Today I believe that I am a dog, to be trained as a dog. Find what good things reward me and reward myself for doing good. Avoid what hurts me or rewards me for doing bad. Additionally I have almost always sufferred from dellusions of granduer, believing I can do more than I can. These delusions have always brought me joy and purpose, as if I am worth life.

Sometimes depression comes up again, now adays I rationalize it. It is my brain telling me my current path is unrealistic, I will fail and that I am a burden to society. Time/practice of a skill is the ultimate determination of realism. Failing is the reault of not preparing for obstacles and not looking for opportunities. Being a burden is only official when I stop thinking, stop talking, stop bringing emotions to other people and stop pushing for what I want.

To be homest, most of my interactions with depression are micro aggressions. Last month I got severely depressed. But that also comes about when there are promises I cannot keep. Which leads me to say, this may or may not be the correct road but It has helped me.

1 comments

Are you sure you're not bipolar? I thought I suffered from depression for 20 years until I finally figured out I was actually bipolar. The portrayal of bipolar in the media and the zeitgeist about it are not reflective of what it looks like, or feels like, in reality. More so, the prevalence of "bipolar 2" (depression + hypomania, not full on mania) is much greater than bipolar 1, but poorly understood by the public at large. There are a lot of tropes about bipolar that just aren't true. That you have tons and tons of energy like you're on meth, that you act "crazy" when you're manic, that you're ludicrously "happy" when manic/hypomanic, that phases come and go at random. None of that bore a resemblance to my life, so I never knew. For me bouts of hypomania always just felt like periods where I had just found something to work on and somehow had managed to maintain focus on it for a while, they're periods of productivity or enthusiasm, often about new things. And only rarely would I describe them as periods of happiness, when you're depressed for so long it can be difficult to even know what it feels like to be happy, and you can spend time in a hypomanic state without being notably happy.

But I noticed that there are times when my sleep schedule is very different (easily masked because I have a sleep disorder as well which makes it difficult to maintain a consistent schedule), times when I am very chatty, times when I'm very focused on a project or game or activity (focus on goal oriented activities), times when I feel a sense of inflated self-esteem or grandiosity, times of increased risk taking, and so on.
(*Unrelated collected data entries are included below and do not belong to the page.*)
lemma ncp_firstD:
  assumes "P \<in> ncp_first k lo hi r"
  shows "is_partition P {lo..<hi}" "non_crossing P" "block_of P lo \<in> P" "lo \<in> block_of P lo"
    "card (block_of P lo) = r" "\<And>C. C \<in> P \<Longrightarrow> C \<noteq> block_of P lo \<Longrightarrow> k dvd card C"
proof -
  obtain B where P: "is_partition P {lo..<hi}" "non_crossing P"
    and B: "B \<in> P" "lo \<in> B" "card B = r" "\<forall>C\<in>P. C \<noteq> B \<longrightarrow> k dvd card C"
    using assms unfolding ncp_first_def by blast
  moreover have "block_of P lo = B" using block_of_eq[OF P(1) B(1,2)] .
  ultimately show "is_partition P {lo..<hi}" "non_crossing P" "block_of P lo \<in> P" "lo \<in> block_of P lo"
    "card (block_of P lo) = r" "\<And>C. C \<in> P \<Longrightarrow> C \<noteq> block_of P lo \<Longrightarrow> k dvd card C"
    by simp_all
qed

lemma ncp_first_lo_less: "P \<in> ncp_first k lo hi r \<Longrightarrow> lo < hi"
  using is_partition_subset[OF ncp_firstD(1,3)] ncp_firstD(4) by fastforce

lemma finite_ncp_first: "finite (ncp_first k lo hi r)"
  by (rule finite_subset[OF _ finite_partitions[of "{lo..<hi}"]]) (auto simp: ncp_first_def)

definition ncp_first_split :: "nat \<Rightarrow> nat \<Rightarrow> nat \<Rightarrow> nat \<Rightarrow> nat \<Rightarrow> nat \<Rightarrow> nat set set set" where
  "ncp_first_split k lo hi p q b =
     {P \<in> ncp_first k lo hi (p + q). b \<in> block_of P lo \<and> card (block_of P lo \<inter> {..<b}) = p}"

definition glue_first :: "nat set set \<Rightarrow> nat \<Rightarrow> nat set set \<Rightarrow> nat \<Rightarrow> nat set set" where
  "glue_first P1 lo P2 b = join_blocks P1 (block_of P1 lo) P2 (block_of P2 b)"

context
  fixes k lo b hi p q :: nat and P1 P2 :: "nat set set"
  assumes P1: "P1 \<in> ncp_first k lo b p" and P2: "P2 \<in> ncp_first k b hi q"
begin

private lemma halves: "{lo..<b} \<inter> {b..<hi} = {}" "{lo..<b} \<union> {b..<hi} = {lo..<hi}"
  using ncp_first_lo_less[OF P1] ncp_first_lo_less[OF P2] by auto

lemma restrict_glue_first:
  "restrict_partition (glue_first P1 lo P2 b) {lo..<b} = P1"
  "restrict_partition (glue_first P1 lo P2 b) {b..<hi} = P2"
  unfolding glue_first_def
  using restrict_join_blocks_left[OF ncp_firstD(1)[OF P1] ncp_firstD(1)[OF P2] halves(1)
      ncp_firstD(3)[OF P1] ncp_firstD(3)[OF P2]]
    restrict_join_blocks_right[OF ncp_firstD(1)[OF P1] ncp_firstD(1)[OF P2] halves(1)
      ncp_firstD(3)[OF P1] ncp_firstD(3)[OF P2]]
  by simp_all
lemma URTC_circle_intersection_card:
  assumes "URTC_norm N" "d > 0" "N (a - b) = d"
  shows "card {z. N (a - z) = d \<and> N (b - z) = d} = 2"
proof -
  have N: "is_norm N"
    using assms(1) by (rule URTC_norm_is_norm)
  have scale: "N (inverse d *\<^sub>R u - inverse d *\<^sub>R v) = N (u - v) / d" for u v
    using is_norm_scaleR[OF N, of "inverse d" "u - v"] assms(2)
    by (simp add: scaleR_diff_right divide_inverse_commute)
  let ?A = "{x. N (inverse d *\<^sub>R a - x) = 1 \<and> N (inverse d *\<^sub>R b - x) = 1}"
  have "N (inverse d *\<^sub>R a - inverse d *\<^sub>R b) = 1"
    using scale[of a b] assms(2,3) by simp
  then have "card ?A = 2"
    using assms(1) unfolding URTC_norm_def by blast
  moreover have "{z. N (a - z) = d \<and> N (b - z) = d} = (\<lambda>p. d *\<^sub>R p) ` ?A"
  proof (intro set_eqI iffI)
    fix z assume "z \<in> {z. N (a - z) = d \<and> N (b - z) = d}"
    then have "inverse d *\<^sub>R z \<in> ?A" and "z = d *\<^sub>R (inverse d *\<^sub>R z)"
      using scale[of a z] scale[of b z] assms(2) by simp_all
    then show "z \<in> (\<lambda>p. d *\<^sub>R p) ` ?A"
      by blast
  next
    fix z assume "z \<in> (\<lambda>p. d *\<^sub>R p) ` ?A"
    then obtain p where "p \<in> ?A" "p = inverse d *\<^sub>R z"
      using assms(2) by auto
    then show "z \<in> {z. N (a - z) = d \<and> N (b - z) = d}"
      using scale[of a z] scale[of b z] assms(2) by simp
  qed
  moreover have "card ((\<lambda>p. d *\<^sub>R p) ` ?A) = card ?A"
    by (rule card_image) (use assms(2) in \<open>simp add: inj_on_def\<close>)
  ultimately show ?thesis
    by simp
qed

lemma URTC_circle_intersection:
  assumes "URTC_norm N" "d > 0" "N (a - b) = d" "N (a - y) = d" "N (b - y) = d"
  shows "{z. N (a - z) = d \<and> N (b - z) = d} = {y, a + b - y}"
proof -
  have N: "is_norm N"
    using assms(1) by (rule URTC_norm_is_norm)
  define S where "S = {z. N (a - z) = d \<and> N (b - z) = d}"
  have "a - (a + b - y) = y - b" "b - (a + b - y) = y - a"
    by (simp_all add: algebra_simps)
  then have "y \<in> S" "a + b - y \<in> S"
    using assms(4,5) is_norm_minus_commute[OF N, of y] unfolding S_def by simp_all
  moreover have "y \<noteq> a + b - y"
  proof
    assume "y = a + b - y"
    then have "a - y = (1/2) *\<^sub>R (a - b)"
      by (simp add: algebra_simps vec_eq_iff)
    then have "N (a - y) = d / 2"
      using is_norm_scaleR[OF N, of "1/2" "a - b"] assms(3) by simp
    with assms(2,4) show False
      by simp
  qed
  moreover obtain p q where "S = {p, q}"
    using URTC_circle_intersection_card[OF assms(1-3)] unfolding S_def[symmetric]
    by (meson card_2_iff)
  ultimately show ?thesis
    unfolding S_def[symmetric] by blast
qed

lemma URTC_circle_intersection_nonempty:
  assumes "URTC_norm N" "d > 0" "N (a - b) = d"
  obtains y where "N (a - y) = d" "N (b - y) = d"
proof -
  have "{z. N (a - z) = d \<and> N (b - z) = d} \<noteq> {}"
    using URTC_circle_intersection_card[OF assms] by (intro notI) simp
  then show thesis
    using that by blast
qed

lemma URTC_equilateral_norm_add_neq:
  assumes "URTC_norm N" "d > 0" "N x = d" "N y = d" "N (x - y) = d"
  shows "N (x + y) \<noteq> d"
proof
  assume "N (x + y) = d"
  have N: "is_norm N"
    using assms(1) by (rule URTC_norm_is_norm)
  have "N (0 - x) = d" "N (0 - y) = d" "N (0 - (x + y)) = d" "N (x - (x + y)) = d"
    using assms(3,4) \<open>N (x + y) = d\<close> is_norm_minus[OF N] by (simp_all only: diff_0) simp_all
  then have "x + y \<in> {y, 0 + x - y}"
    using URTC_circle_intersection[OF assms(1,2) \<open>N (0 - x) = d\<close> \<open>N (0 - y) = d\<close> assms(5)]
    by blast
  then have "x + y = y \<or> x + y = x - y"
    by simp
  then have "x = 0 \<or> y = 0"
    by (auto simp: vec_eq_iff)
  then show False
    using assms(2-4) is_norm_zero[OF N] by auto
qed

subsection \<open>The apex of an equilateral triangle\<close>

text \<open>For \<open>N x = d\<close> the two points at distance \<open>d\<close> from \<open>0\<close> and \<open>x\<close> are \<open>y\<close> and \<open>x - y\<close>, which
  lie on opposite sides of the line through \<open>0\<close> and \<open>x\<close>; the sign \<open>\<sigma>\<close> selects one of them.\<close>

definition apex :: "(real^2 \<Rightarrow> real) \<Rightarrow> real \<Rightarrow> real \<Rightarrow> real^2 \<Rightarrow> real^2" where
  "apex N d \<sigma> x = (THE y. N y = d \<and> N (x - y) = d \<and> 0 < \<sigma> * det2 x y)"

lemma apex_unique:
  assumes "URTC_norm N" "d > 0" "\<sigma> \<noteq> 0" "N x = d"
  shows "\<exists>!y. N y = d \<and> N (x - y) = d \<and> 0 < \<sigma> * det2 x y"
proof -
  have N: "is_norm N"
    using assms(1) by (rule URTC_norm_is_norm)
  have "N (x - 0) = d"
    using assms(4) by simp
  then obtain y where y: "N (x - y) = d" "N (0 - y) = d"
    by (rule URTC_circle_intersection_nonempty[OF assms(1,2)])
  have circle: "N z = d \<and> N (x - z) = d \<longleftrightarrow> z = y \<or> z = x - y" for z
  proof -
    have "N z = d \<and> N (x - z) = d \<longleftrightarrow> z \<in> {z. N (x - z) = d \<and> N (0 - z) = d}"
      using is_norm_minus[OF N, of z] by auto
    also have "\<dots> \<longleftrightarrow> z \<in> {y, x + 0 - y}"
      by (simp only: URTC_circle_intersection[OF assms(1,2) \<open>N (x - 0) = d\<close> y])
    finally show ?thesis
      by simp
  qed
  have "det2 x y \<noteq> 0"
    using equilateral_det2_neq_0[OF N assms(2,4)] y is_norm_minus[OF N, of y] by simp
  then have "\<sigma> * det2 x y \<noteq> 0"
    using assms(3) by simp
  moreover have "\<sigma> * det2 x (x - y) = - (\<sigma> * det2 x y)"
    by (simp add: det2_def algebra_simps)
  ultimately have "0 < \<sigma> * det2 x y \<longleftrightarrow> \<not> 0 < \<sigma> * det2 x (x - y)"
    by linarith
  then show ?thesis
    unfolding conj_assoc[symmetric] circle by blast
qed

lemma apex_spec:
  assumes "URTC_norm N" "d > 0" "\<sigma> \<noteq> 0" "N x = d"
  shows "N (apex N d \<sigma> x) = d" "N (x - apex N d \<sigma> x) = d" "0 < \<sigma> * det2 x (apex N d \<sigma> x)"
  using theI'[OF apex_unique[OF assms]] unfolding apex_def by simp_all

lemma apex_eq:
  assumes "URTC_norm N" "d > 0" "\<sigma> \<noteq> 0" "N x = d"
    and "N y = d" "N (x - y) = d" "0 < \<sigma> * det2 x y"
  shows "apex N d \<sigma> x = y"
  unfolding apex_def using the1_equality[OF apex_unique[OF assms(1-4)]] assms(5-7) by blast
I just always saw these things as aspects of my personality, and things that I'd been able to leverage for my own benefit or, usually, keep under control.

Here's a list of symptoms: https://en.wikipedia.org/wiki/Bipolar_II_disorder#Hypomanic_...

What you wrote and the article are spot on to my symptoms. I often pass off my intense excitement as a personality trait and have rarely met anyone similar. I often relate bi polar to uncontrollable changes while my changes are very reasonable and often predictable though prolonged and intense. I appreciate you sharing this information with me
My belief is that the symptoms of bipolar ARE part of your personality. They aren't good or bad, they just are. But you can't let them get the best of you. You have to recognize them and work to negate them.